From: Charles on 4 May 2010 09:02
"Gregory Ewing" <greg.ewing(a)canterbury.ac.nz> wrote in message
> Charles wrote:
>> In the OP's case, references to the directory have been removed
>> from the file system, but his process still has the current working
>> directory reference to it, so it has not actually been deleted.
>> When he opens "../abc.txt", the OS searches the current directory
>> for ".." and finds the inode for /home/baz/tmp,
> This doesn't seem to be quite correct. An experiment I just did
> reveals that the link count on the parent directory goes down by
> one when the current directory is deleted, suggesting that the ..
> link has actually been removed... yet it still works!

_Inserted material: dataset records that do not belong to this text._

(* Let $G$ be a simple stochastic game and $\sigma$ a positional MAX strategy. There exists a positional best response $\tau$ to $\sigma$ such that for every positional MIN strategy $\tau'$ we have $Z(\sigma,\tau')\subseteq Z(\sigma,\tau)$.
   Context: A simple stochastic game (SSG) $G$ is a finite directed graph whose vertex set $V$ is partitioned into MAX vertices, MIN vertices, random vertices and a nonempty set $V_S$ of sinks; every non-sink vertex has at least one outgoing arc, every sink has exactly one outgoing arc, a self-loop; each random vertex $x$ carries a rational probability distribution $p_x$ on its out-neighbourhood, positive on every out-neighbour; each sink $s$ has rational value $\mathrm{Val}(s)\in[0,1]$. A positional MAX (resp. MIN) strategy assigns to each MAX (resp. MIN) vertex one of its out-neighbours. Under $\sigma,\tau$ from start $x_0$, the random play moves from MAX vertex $x$ to $\sigma(x)$, from MIN vertex $x$ to $\tau(x)$, from random vertex $x$ to an out-neighbour drawn by $p_x$ independently, and stays at a sink once reached; its value is $\mathrm{Val}(s)$ if it reaches sink $s$, else $0$, and $v_{\sigma,\tau}(x_0)$ is its expectation. A best response to $\sigma$ is a MIN strategy $\tau$ with $v_{\sigma,\tau}\le v_{\sigma,\tau'}$ pointwise for all MIN strategies $\tau'$. An absorbing set for $(\sigma,\tau)$ is a set $Z\subseteq V\setminus V_S$ such that, starting from any vertex of $Z$ and playing according to $(\sigma,\tau)$, the probability of ever reaching a vertex of $V\setminus Z$ is zero. $Z(\sigma,\tau)$ denotes the union of all absorbing sets for $(\sigma,\tau)$. *)

theory Defs
  imports "HOL-Probability.Probability"
begin

record 'v ssg =
  verts   :: "'v set"
  maxv    :: "'v set"
  minv    :: "'v set"
  randv   :: "'v set"
  sinks   :: "'v set"
  arcs    :: "('v \<times> 'v) set"
  prob    :: "'v \<Rightarrow> 'v pmf"
  sval    :: "'v \<Rightarrow> real"

definition succs :: "'v ssg \<Rightarrow> 'v \<Rightarrow> 'v set" where
  "succs G x = {y. (x, y) \<in> arcs G}"

definition is_ssg :: "'v ssg \<Rightarrow> bool" where
  "is_ssg G \<longleftrightarrow>
     finite (verts G) \<and>
     maxv G \<union> minv G \<union> randv G \<union> sinks G = verts G \<and>
     maxv G \<inter> minv G = {} \<and> maxv G \<inter> randv G = {} \<and> maxv G \<inter> sinks G = {} \<and>
     minv G \<inter> randv G = {} \<and> minv G \<inter> sinks G = {} \<and> randv G \<inter> sinks G = {} \<and>
     sinks G \<noteq> {} \<and>
     arcs G \<subseteq> verts G \<times> verts G \<and>
     (\<forall>x \<in> verts G - sinks G. succs G x \<noteq> {}) \<and>
     (\<forall>s \<in> sinks G. succs G s = {s}) \<and>
     (\<forall>x \<in> randv G. set_pmf (prob G x) = succs G x \<and>
                      (\<forall>y. pmf (prob G x) y \<in> \<rat>)) \<and>
     (\<forall>s \<in> sinks G. sval G s \<in> \<rat> \<and> 0 \<le> sval G s \<and> sval G s \<le> 1)"

definition max_strategy :: "'v ssg \<Rightarrow> ('v \<Rightarrow> 'v) \<Rightarrow> bool" where
  "max_strategy G \<sigma> \<longleftrightarrow> (\<forall>x \<in> maxv G. (x, \<sigma> x) \<in> arcs G)"

definition min_strategy :: "'v ssg \<Rightarrow> ('v \<Rightarrow> 'v) \<Rightarrow> bool" where
  "min_strategy G \<tau> \<longleftrightarrow> (\<forall>x \<in> minv G. (x, \<tau> x) \<in> arcs G)"

definition step :: "'v ssg \<Rightarrow> ('v \<Rightarrow> 'v) \<Rightarrow> ('v \<Rightarrow> 'v) \<Rightarrow> 'v \<Rightarrow> 'v pmf" where
  "step G \<sigma> \<tau> x =
     (if x \<in> maxv G then return_pmf (\<sigma> x)
      else if x \<in> minv G then return_pmf (\<tau> x)
      else if x \<in> randv G then prob G x
      else return_pmf x)"

fun dist :: "'v ssg \<Rightarrow> ('v \<Rightarrow> 'v) \<Rightarrow> ('v \<Rightarrow> 'v) \<Rightarrow> nat \<Rightarrow> 'v \<Rightarrow> 'v pmf" where
  "dist G \<sigma> \<tau> 0 x = return_pmf x"
| "dist G \<sigma> \<tau> (Suc n) x = bind_pmf (dist G \<sigma> \<tau> n x) (step G \<sigma> \<tau>)"

definition payoff :: "'v ssg \<Rightarrow> 'v \<Rightarrow> real" where
  "payoff G y = (if y \<in> sinks G then sval G y else 0)"

text \<open>Expected value of the play: since sinks are absorbing, the expected payoff
  at time n is nondecreasing in n and its supremum is the expectation of
  Val(s) on reaching sink s (0 if no sink is reached).\<close>
definition val :: "'v ssg \<Rightarrow> ('v \<Rightarrow> 'v) \<Rightarrow> ('v \<Rightarrow> 'v) \<Rightarrow> 'v \<Rightarrow> real" where
  "val G \<sigma> \<tau> x = (SUP n. measure_pmf.expectation (dist G \<sigma> \<tau> n x) (payoff G))"

definition best_response :: "'v ssg \<Rightarrow> ('v \<Rightarrow> 'v) \<Rightarrow> ('v \<Rightarrow> 'v) \<Rightarrow> bool" where
  "best_response G \<sigma> \<tau> \<longleftrightarrow> min_strategy G \<tau> \<and>
     (\<forall>\<tau>'. min_strategy G \<tau>' \<longrightarrow> (\<forall>x \<in> verts G. val G \<sigma> \<tau> x \<le> val G \<sigma> \<tau>' x))"

text \<open>Z is absorbing: from any z in Z, the probability of ever being outside Z is 0,
  i.e. (countable union) the probability of being outside Z at each time n is 0.\<close>
definition absorbing :: "'v ssg \<Rightarrow> ('v \<Rightarrow> 'v) \<Rightarrow> ('v \<Rightarrow> 'v) \<Rightarrow> 'v set \<Rightarrow> bool" where
  "absorbing G \<sigma> \<tau> Z \<longleftrightarrow> Z \<subseteq> verts G - sinks G \<and>
     (\<forall>z \<in> Z. \<forall>n. measure_pmf.prob (dist G \<sigma> \<tau> n z) (verts G - Z) = 0)"

definition Zset :: "'v ssg \<Rightarrow> ('v \<Rightarrow> 'v) \<Rightarrow> ('v \<Rightarrow> 'v) \<Rightarrow> 'v set" where
  "Zset G \<sigma> \<tau> = \<Union> {Z. absorbing G \<sigma> \<tau> Z}"

end

theory Submission
  imports Defs
begin

text \<open>
  Let \<open>v\<^sup>*\<close> (\<open>lower_val\<close>) be the lower value \<open>x \<mapsto> inf\<^sub>\<tau> val(\<sigma>,\<tau>)(x)\<close>. It dominates the
  payoff, it is superharmonic at every non-MIN vertex, and every MIN vertex has a successor
  where \<open>v\<^sup>*\<close> is not larger. Let \<open>W\<close> (\<open>Zset_any\<close>) be the union of all \<open>Z(\<sigma>,\<tau>')\<close>: \<open>v\<^sup>*\<close>
  vanishes on \<open>W\<close>, and from a MIN vertex \<open>x\<close> of \<open>W\<close> the move of a strategy \<open>\<tau>'\<close> with
  \<open>x \<in> Z(\<sigma>,\<tau>')\<close> stays in \<open>W\<close>. Let \<open>\<tau>\<close> move inside \<open>W\<close> on \<open>W\<close> and to a \<open>v\<^sup>*\<close>-minimal
  successor elsewhere. Then \<open>v\<^sup>*\<close> is a superharmonic majorant of the payoff under \<open>(\<sigma>,\<tau>)\<close>,
  and the value is the least such function, so \<open>val(\<sigma>,\<tau>) \<le> v\<^sup>*\<close> and \<open>\<tau>\<close> is a best
  response. Moreover \<open>W\<close> contains no sink and is closed under \<open>(\<sigma>,\<tau>)\<close>, hence
  \<open>W \<subseteq> Z(\<sigma>,\<tau>)\<close>.
\<close>

lemma expectation_finite_pmf:
  "finite (set_pmf p) \<Longrightarrow>
     measure_pmf.expectation p (f :: _ \<Rightarrow> real) = (\<Sum>a\<in>set_pmf p. f a * pmf p a)"
  by (rule integral_measure_pmf_real) auto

> I think what must be happening is that the kernel is maintaining
> an in-memory reference to the parent directory, and treating ".."
> as a special case when looking up a name.
> (This probably shouldn't be too surprising, because ".." is special
> in another way as well -- at the root of a mounted file system, it
> leads to the parent of the mount point, even though the actual ".."
> link on disk just points back to the same directory. Probably it
> simplifies the name lookup logic to always treat it specially.)
I am by no means an expert in this area, but what I think
happens (and I may well be wrong) is that the directory
is deleted on the file system. The link from the parent
is removed, and the parent's link count is decremented,
as you observed, but the directory itself is still intact with
it's original contents, including the "." and ".." names and
associated inode numbers. Unix does not normally zero
out files on deletion - the file's blocks usually retain their
contents, and I would not expect directories to be
a special case.
The blocks from the directory will be re-cycled
when the memory reference (the process's current
working directory) disappears, but until then the directory
and its contents are still accessible via the process's current
directory. This is all supposition, and based on distant
memories form the mid 1980s, I could very well be
From: Baz Walter on 4 May 2010 09:03
On 04/05/10 03:19, Grant Edwards wrote:
> On 2010-05-03, Baz Walter<bazwal(a)ftml.net> wrote:
>> On 03/05/10 19:12, Grant Edwards wrote:
>>> Even though the user provided a legal and openable path?
>> that sounds like an operational definition to me: what's the
>> difference between "legal" and "openable"?
> Legal as in meets the syntactic requirements for a path (not sure if
> there really are any requirements other than it being a
> null-terminated string). Openable meaning that it denotes a path file
> that exists and for which the caller has read permissions on the file
> and execute premissions on the directories within the path.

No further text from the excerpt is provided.